◆ TASK STATEMENT:
Below are the records; give again exactly the line with "replicate j 1)", the line with "1 \<le> count_list ?r", and each line that lies between them, and nothing besides.

◆ THE DATA:
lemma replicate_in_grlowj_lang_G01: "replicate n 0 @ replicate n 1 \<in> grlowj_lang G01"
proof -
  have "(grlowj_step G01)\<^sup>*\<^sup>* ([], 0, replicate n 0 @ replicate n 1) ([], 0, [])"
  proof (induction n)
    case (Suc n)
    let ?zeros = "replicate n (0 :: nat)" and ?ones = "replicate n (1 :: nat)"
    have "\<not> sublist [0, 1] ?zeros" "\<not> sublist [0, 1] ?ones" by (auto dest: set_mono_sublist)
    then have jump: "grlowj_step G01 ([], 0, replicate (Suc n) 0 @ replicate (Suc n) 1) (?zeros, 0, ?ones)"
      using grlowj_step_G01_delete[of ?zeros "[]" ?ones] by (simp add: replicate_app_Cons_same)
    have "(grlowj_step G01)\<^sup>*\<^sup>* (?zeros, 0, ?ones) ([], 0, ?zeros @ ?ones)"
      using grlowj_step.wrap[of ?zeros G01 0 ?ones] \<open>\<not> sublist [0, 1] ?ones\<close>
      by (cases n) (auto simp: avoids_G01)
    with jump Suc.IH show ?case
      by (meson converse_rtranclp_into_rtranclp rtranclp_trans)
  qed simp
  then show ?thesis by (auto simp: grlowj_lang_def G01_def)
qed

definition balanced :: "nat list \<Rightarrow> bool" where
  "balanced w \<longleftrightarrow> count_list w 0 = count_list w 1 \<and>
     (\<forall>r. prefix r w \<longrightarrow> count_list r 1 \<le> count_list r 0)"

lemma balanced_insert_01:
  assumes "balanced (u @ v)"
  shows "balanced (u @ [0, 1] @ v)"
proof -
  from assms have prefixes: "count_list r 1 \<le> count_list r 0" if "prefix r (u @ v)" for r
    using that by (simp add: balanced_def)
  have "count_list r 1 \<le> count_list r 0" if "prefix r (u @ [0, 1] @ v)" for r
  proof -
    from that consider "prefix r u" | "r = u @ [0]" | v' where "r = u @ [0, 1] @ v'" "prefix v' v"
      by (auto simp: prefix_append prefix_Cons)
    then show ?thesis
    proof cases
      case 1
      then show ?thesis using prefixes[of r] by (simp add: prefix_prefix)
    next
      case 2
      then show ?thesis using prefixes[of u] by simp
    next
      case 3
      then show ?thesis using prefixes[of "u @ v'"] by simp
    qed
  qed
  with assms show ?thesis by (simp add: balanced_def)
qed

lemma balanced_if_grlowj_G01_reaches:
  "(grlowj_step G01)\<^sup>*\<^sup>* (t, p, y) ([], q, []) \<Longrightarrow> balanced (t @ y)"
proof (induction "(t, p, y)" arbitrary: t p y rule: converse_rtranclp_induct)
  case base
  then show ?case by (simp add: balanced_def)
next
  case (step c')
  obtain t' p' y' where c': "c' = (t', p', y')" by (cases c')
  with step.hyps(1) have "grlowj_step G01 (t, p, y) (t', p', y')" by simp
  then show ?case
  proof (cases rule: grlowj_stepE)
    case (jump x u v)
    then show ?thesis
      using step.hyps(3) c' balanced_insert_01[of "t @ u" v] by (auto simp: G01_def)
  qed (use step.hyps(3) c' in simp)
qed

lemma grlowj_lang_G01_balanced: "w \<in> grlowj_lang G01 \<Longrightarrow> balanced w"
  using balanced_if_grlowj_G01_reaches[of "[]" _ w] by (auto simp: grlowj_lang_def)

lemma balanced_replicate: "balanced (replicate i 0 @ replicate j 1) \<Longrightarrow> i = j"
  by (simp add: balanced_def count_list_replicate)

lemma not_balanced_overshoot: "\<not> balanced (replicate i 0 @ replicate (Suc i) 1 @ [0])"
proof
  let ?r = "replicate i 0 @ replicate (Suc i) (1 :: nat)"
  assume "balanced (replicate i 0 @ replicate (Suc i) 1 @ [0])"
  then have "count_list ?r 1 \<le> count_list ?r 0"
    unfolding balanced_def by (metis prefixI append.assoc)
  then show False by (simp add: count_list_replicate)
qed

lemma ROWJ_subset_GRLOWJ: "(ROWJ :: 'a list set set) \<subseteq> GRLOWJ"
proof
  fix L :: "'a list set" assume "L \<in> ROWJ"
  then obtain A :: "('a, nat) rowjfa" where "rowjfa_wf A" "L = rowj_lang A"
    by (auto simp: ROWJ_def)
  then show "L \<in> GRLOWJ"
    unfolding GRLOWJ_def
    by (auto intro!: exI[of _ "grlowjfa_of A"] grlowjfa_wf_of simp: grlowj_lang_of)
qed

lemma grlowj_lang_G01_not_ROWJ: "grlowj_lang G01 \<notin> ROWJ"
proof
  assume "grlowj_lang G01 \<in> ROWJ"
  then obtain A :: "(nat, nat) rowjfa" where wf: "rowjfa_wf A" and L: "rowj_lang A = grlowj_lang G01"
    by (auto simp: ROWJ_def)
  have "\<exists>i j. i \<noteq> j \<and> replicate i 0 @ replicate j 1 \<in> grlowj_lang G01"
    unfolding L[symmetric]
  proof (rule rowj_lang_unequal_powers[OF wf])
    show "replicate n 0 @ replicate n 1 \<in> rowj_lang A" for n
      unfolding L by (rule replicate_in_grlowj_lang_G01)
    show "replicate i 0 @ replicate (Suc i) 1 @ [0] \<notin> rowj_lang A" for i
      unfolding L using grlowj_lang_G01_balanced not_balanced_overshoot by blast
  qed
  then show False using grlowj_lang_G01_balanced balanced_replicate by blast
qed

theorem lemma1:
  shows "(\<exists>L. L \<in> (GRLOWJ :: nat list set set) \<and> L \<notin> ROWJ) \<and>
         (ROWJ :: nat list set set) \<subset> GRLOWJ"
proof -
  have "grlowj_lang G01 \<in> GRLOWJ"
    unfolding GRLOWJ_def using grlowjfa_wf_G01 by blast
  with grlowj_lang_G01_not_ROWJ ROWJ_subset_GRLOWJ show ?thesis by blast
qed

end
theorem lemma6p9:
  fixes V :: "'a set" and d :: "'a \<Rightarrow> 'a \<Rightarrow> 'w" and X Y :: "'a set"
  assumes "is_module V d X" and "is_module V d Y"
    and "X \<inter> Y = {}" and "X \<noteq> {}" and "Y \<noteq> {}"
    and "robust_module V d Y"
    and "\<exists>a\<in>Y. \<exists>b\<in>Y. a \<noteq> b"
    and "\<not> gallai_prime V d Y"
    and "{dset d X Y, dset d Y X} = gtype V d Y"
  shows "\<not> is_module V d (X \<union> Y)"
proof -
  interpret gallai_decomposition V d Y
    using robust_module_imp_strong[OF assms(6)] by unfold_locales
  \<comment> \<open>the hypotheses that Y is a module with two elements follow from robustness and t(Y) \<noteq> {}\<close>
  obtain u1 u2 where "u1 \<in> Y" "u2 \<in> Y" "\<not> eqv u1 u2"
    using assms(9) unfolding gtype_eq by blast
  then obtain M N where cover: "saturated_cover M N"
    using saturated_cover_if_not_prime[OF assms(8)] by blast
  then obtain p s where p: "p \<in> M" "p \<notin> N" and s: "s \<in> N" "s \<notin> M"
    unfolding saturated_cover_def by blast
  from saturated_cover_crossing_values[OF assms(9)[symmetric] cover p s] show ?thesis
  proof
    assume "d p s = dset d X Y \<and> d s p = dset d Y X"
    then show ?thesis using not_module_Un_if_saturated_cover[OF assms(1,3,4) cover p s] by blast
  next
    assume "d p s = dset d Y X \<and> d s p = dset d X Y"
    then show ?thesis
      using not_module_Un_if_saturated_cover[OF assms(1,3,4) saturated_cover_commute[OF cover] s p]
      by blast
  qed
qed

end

◆ OUTPUT FOR THIS EXERCISE:
lemma balanced_replicate: "balanced (replicate i 0 @ replicate j 1) \<Longrightarrow> i = j"
  by (simp add: balanced_def count_list_replicate)

lemma not_balanced_overshoot: "\<not> balanced (replicate i 0 @ replicate (Suc i) 1 @ [0])"
proof
  let ?r = "replicate i 0 @ replicate (Suc i) (1 :: nat)"
  assume "balanced (replicate i 0 @ replicate (Suc i) 1 @ [0])"
  then have "count_list ?r 1 \<le> count_list ?r 0"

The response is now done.